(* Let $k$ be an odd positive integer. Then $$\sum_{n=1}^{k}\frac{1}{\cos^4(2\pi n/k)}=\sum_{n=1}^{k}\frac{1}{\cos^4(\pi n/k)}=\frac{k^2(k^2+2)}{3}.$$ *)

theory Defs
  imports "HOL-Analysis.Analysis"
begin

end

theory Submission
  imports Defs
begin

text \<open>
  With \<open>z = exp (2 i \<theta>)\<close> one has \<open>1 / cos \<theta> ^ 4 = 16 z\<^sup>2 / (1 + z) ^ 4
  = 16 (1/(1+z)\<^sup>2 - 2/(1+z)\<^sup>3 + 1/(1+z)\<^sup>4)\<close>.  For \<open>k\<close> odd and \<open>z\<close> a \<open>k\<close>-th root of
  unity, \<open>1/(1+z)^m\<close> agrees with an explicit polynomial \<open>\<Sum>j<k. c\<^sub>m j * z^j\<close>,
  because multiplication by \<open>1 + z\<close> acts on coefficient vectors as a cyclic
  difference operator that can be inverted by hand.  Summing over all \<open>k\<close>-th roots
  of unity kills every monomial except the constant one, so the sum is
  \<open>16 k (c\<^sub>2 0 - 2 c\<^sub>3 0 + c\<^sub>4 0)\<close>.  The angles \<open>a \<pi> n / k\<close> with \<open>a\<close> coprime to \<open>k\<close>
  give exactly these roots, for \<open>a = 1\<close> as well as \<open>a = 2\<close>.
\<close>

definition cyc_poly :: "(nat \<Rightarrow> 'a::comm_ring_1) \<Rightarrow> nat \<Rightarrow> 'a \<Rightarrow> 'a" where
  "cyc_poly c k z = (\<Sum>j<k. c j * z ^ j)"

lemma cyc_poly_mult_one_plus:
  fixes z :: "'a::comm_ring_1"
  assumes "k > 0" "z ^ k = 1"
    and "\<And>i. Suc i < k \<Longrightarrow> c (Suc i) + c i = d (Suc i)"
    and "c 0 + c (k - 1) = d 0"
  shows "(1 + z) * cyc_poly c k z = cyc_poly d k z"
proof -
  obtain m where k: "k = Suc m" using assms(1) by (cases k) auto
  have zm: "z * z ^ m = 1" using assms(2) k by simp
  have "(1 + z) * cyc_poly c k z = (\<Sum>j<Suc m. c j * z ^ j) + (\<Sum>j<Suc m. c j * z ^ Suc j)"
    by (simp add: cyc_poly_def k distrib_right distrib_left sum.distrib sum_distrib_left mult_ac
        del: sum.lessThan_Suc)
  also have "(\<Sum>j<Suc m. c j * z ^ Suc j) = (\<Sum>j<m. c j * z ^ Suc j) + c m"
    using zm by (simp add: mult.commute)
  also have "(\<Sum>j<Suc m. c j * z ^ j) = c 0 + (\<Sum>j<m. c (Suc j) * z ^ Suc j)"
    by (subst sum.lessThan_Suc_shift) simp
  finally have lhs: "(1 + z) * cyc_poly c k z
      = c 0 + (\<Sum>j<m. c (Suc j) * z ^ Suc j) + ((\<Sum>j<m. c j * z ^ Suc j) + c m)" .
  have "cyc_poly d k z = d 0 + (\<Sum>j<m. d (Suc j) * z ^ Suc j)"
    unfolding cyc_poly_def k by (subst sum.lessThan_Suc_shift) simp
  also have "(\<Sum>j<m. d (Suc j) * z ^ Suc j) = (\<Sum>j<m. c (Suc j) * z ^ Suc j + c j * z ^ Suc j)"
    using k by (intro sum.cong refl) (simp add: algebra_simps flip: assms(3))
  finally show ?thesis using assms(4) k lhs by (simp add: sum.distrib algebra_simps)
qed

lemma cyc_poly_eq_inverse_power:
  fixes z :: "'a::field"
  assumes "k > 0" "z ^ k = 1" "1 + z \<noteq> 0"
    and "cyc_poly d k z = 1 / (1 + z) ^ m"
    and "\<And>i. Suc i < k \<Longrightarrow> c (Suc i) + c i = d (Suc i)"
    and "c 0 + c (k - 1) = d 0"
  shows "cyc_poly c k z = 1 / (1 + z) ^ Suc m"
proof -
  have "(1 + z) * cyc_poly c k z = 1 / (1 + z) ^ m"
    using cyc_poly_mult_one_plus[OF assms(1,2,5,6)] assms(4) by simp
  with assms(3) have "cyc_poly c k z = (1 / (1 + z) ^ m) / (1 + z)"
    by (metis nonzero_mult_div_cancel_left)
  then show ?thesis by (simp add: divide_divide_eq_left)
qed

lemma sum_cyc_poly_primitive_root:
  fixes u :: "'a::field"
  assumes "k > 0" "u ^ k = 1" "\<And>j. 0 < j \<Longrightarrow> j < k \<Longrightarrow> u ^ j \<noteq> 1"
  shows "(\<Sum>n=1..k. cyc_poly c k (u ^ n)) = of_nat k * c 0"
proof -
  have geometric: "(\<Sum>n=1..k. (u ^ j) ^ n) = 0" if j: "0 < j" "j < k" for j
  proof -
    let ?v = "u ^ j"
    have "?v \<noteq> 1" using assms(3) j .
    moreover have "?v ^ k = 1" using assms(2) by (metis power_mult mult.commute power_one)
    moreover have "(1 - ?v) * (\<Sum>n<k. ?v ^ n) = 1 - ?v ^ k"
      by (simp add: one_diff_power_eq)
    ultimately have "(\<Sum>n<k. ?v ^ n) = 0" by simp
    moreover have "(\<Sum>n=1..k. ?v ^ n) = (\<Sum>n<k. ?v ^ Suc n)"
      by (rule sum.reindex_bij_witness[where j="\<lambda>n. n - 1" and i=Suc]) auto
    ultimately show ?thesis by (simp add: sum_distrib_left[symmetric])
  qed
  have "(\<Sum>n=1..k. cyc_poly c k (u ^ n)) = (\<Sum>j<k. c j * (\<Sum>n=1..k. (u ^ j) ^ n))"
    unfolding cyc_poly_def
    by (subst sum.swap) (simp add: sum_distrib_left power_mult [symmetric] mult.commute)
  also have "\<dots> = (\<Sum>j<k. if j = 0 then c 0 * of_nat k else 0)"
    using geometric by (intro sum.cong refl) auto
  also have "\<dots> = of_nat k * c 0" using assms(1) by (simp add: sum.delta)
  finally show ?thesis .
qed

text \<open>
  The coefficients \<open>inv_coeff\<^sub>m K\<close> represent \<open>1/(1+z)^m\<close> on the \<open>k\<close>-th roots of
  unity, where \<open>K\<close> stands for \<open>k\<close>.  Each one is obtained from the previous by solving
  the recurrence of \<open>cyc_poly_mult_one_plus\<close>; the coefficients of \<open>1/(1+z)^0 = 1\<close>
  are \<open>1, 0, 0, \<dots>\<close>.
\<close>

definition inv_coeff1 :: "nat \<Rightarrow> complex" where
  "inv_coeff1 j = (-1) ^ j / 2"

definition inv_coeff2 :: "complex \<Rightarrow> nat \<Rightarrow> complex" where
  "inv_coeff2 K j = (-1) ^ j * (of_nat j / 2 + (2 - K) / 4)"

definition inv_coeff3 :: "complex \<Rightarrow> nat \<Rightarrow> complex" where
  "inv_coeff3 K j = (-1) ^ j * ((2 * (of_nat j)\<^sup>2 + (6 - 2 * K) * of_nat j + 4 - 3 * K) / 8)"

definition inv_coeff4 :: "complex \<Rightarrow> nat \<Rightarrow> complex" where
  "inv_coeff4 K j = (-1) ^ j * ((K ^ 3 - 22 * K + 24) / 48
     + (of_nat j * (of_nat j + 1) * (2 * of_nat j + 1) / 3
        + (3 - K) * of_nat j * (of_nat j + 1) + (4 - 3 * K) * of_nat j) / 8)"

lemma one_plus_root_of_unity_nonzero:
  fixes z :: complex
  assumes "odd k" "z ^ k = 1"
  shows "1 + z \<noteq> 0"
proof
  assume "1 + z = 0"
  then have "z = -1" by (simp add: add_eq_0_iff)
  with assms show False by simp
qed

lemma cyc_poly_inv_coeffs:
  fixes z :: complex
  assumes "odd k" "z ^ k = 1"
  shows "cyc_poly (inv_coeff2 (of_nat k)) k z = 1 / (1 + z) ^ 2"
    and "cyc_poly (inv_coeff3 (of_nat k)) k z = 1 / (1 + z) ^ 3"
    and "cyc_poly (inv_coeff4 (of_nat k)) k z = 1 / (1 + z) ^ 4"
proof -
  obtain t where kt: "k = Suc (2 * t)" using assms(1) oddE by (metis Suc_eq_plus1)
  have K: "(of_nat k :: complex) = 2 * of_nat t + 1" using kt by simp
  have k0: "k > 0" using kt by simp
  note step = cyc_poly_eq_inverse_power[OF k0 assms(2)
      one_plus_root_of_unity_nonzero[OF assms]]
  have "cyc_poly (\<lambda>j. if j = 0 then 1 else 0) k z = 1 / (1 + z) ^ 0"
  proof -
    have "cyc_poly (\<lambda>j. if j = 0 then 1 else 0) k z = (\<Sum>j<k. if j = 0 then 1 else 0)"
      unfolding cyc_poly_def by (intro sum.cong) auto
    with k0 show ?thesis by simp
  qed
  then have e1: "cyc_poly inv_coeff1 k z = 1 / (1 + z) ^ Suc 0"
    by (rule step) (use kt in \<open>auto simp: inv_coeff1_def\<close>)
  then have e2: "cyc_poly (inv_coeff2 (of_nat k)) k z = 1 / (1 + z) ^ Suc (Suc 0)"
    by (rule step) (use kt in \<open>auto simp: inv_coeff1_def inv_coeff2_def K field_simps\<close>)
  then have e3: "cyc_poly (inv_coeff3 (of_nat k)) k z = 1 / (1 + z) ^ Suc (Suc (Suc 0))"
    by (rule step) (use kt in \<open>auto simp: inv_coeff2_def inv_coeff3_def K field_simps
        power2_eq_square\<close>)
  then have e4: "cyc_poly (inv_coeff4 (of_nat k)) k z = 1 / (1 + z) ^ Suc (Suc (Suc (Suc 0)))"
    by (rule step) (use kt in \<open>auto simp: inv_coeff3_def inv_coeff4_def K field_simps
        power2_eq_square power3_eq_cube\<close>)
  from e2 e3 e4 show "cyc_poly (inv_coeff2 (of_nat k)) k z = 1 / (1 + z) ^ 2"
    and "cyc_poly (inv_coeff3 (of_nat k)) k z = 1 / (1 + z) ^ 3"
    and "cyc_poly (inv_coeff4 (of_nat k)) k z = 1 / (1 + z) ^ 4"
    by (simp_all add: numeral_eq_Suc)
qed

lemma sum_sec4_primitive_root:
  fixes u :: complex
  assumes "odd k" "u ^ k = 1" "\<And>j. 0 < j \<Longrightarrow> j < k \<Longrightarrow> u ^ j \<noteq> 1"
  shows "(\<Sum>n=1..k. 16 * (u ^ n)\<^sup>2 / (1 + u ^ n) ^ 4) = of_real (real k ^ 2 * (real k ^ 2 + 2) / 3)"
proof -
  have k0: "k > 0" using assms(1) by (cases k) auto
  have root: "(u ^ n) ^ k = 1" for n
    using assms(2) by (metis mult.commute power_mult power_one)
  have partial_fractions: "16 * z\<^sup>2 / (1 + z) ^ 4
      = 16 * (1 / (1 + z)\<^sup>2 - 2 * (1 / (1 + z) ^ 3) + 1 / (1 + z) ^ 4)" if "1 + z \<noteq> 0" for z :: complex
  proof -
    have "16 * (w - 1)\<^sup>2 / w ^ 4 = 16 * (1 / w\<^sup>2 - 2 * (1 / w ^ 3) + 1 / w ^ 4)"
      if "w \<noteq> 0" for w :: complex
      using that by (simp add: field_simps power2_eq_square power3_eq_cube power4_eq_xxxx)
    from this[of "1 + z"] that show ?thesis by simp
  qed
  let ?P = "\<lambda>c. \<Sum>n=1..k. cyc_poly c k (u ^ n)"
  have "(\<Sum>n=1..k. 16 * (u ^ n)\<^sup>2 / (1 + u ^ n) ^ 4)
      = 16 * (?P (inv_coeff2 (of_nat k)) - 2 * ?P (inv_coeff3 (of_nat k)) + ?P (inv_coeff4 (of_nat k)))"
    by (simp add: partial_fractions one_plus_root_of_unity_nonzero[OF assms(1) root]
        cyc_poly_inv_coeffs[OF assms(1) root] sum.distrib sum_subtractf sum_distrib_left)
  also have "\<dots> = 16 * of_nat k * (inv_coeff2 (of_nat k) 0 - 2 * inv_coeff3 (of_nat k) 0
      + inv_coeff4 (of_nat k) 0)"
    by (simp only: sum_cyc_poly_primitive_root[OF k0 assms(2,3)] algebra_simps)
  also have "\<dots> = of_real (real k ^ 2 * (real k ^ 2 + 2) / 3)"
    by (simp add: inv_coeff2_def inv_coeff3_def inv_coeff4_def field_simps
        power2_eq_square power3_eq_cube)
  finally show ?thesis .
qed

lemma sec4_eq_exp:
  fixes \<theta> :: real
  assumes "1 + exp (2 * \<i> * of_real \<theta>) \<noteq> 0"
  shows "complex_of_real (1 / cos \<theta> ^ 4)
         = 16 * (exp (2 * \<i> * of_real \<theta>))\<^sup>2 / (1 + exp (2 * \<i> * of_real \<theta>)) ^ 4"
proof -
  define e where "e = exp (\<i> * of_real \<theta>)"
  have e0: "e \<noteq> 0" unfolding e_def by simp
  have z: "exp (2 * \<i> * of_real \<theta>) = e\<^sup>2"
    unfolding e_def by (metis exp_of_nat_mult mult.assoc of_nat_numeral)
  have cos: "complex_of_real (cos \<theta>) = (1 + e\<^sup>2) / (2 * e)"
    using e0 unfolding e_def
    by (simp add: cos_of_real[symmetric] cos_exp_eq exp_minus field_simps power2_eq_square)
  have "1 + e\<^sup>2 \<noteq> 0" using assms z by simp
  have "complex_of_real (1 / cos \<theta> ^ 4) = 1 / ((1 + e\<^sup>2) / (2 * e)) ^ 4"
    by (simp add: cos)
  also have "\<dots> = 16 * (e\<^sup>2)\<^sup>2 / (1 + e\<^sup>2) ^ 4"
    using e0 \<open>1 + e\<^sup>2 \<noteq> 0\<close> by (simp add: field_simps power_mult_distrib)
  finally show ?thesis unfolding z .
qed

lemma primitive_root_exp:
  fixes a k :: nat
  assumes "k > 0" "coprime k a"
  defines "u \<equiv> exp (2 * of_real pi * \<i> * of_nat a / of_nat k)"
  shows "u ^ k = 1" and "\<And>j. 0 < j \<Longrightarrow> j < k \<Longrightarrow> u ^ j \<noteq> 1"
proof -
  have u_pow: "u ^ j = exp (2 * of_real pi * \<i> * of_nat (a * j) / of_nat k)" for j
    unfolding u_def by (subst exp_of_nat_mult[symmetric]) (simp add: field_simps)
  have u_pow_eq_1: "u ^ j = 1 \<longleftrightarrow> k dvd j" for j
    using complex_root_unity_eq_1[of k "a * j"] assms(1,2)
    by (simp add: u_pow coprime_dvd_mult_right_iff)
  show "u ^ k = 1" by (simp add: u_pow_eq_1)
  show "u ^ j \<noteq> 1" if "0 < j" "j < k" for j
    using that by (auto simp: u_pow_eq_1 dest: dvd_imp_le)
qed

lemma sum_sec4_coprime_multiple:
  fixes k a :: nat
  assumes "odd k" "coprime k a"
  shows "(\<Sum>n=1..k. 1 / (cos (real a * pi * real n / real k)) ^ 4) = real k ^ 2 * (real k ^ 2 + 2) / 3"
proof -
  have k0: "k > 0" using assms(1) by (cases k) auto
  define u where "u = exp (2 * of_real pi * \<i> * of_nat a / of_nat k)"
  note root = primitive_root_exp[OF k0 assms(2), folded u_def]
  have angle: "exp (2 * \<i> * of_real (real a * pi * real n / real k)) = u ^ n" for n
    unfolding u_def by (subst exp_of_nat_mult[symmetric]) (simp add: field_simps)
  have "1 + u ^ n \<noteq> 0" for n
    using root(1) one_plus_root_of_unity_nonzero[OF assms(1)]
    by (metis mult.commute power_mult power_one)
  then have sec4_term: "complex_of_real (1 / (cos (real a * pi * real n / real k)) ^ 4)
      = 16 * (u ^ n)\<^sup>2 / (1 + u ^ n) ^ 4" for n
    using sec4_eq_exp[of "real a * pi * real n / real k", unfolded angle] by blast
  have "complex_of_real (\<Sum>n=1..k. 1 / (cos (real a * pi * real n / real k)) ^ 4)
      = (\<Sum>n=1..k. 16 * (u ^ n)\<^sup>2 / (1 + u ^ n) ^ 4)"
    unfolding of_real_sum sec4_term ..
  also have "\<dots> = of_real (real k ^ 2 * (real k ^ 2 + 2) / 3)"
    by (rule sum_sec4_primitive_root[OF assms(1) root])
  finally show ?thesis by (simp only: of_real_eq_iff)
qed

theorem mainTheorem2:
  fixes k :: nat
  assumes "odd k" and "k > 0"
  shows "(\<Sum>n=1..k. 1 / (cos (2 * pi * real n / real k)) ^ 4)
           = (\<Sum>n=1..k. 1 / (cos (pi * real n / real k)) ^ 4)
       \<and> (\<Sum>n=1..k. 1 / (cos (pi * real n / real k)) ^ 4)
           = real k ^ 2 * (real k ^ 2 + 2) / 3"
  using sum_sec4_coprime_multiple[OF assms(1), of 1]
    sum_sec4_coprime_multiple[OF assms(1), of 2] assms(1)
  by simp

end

▸ Exercise description: Please reply with an exact copy of the lines above, starting at the first and ending at the line that holds "j) = c 0 + (\<Sum>j<m.".

▸ Response to the exercise:
(* Let $k$ be an odd positive integer. Then $$\sum_{n=1}^{k}\frac{1}{\cos^4(2\pi n/k)}=\sum_{n=1}^{k}\frac{1}{\cos^4(\pi n/k)}=\frac{k^2(k^2+2)}{3}.$$ *)

theory Defs
  imports "HOL-Analysis.Analysis"
begin

end

theory Submission
  imports Defs
begin

text \<open>
  With \<open>z = exp (2 i \<theta>)\<close> one has \<open>1 / cos \<theta> ^ 4 = 16 z\<^sup>2 / (1 + z) ^ 4
  = 16 (1/(1+z)\<^sup>2 - 2/(1+z)\<^sup>3 + 1/(1+z)\<^sup>4)\<close>.  For \<open>k\<close> odd and \<open>z\<close> a \<open>k\<close>-th root of
  unity, \<open>1/(1+z)^m\<close> agrees with an explicit polynomial \<open>\<Sum>j<k. c\<^sub>m j * z^j\<close>,
  because multiplication by \<open>1 + z\<close> acts on coefficient vectors as a cyclic
  difference operator that can be inverted by hand.  Summing over all \<open>k\<close>-th roots
  of unity kills every monomial except the constant one, so the sum is
  \<open>16 k (c\<^sub>2 0 - 2 c\<^sub>3 0 + c\<^sub>4 0)\<close>.  The angles \<open>a \<pi> n / k\<close> with \<open>a\<close> coprime to \<open>k\<close>
  give exactly these roots, for \<open>a = 1\<close> as well as \<open>a = 2\<close>.
\<close>

definition cyc_poly :: "(nat \<Rightarrow> 'a::comm_ring_1) \<Rightarrow> nat \<Rightarrow> 'a \<Rightarrow> 'a" where
  "cyc_poly c k z = (\<Sum>j<k. c j * z ^ j)"

lemma cyc_poly_mult_one_plus:
  fixes z :: "'a::comm_ring_1"
  assumes "k > 0" "z ^ k = 1"
    and "\<And>i. Suc i < k \<Longrightarrow> c (Suc i) + c i = d (Suc i)"
    and "c 0 + c (k - 1) = d 0"
  shows "(1 + z) * cyc_poly c k z = cyc_poly d k z"
proof -
  obtain m where k: "k = Suc m" using assms(1) by (cases k) auto
  have zm: "z * z ^ m = 1" using assms(2) k by simp
  have "(1 + z) * cyc_poly c k z = (\<Sum>j<Suc m. c j * z ^ j) + (\<Sum>j<Suc m. c j * z ^ Suc j)"
    by (simp add: cyc_poly_def k distrib_right distrib_left sum.distrib sum_distrib_left mult_ac
        del: sum.lessThan_Suc)
  also have "(\<Sum>j<Suc m. c j * z ^ Suc j) = (\<Sum>j<m. c j * z ^ Suc j) + c m"
    using zm by (simp add: mult.commute)
  also have "(\<Sum>j<Suc m. c j * z ^ j) = c 0 + (\<Sum>j<m. c (Suc j) * z ^ Suc j)"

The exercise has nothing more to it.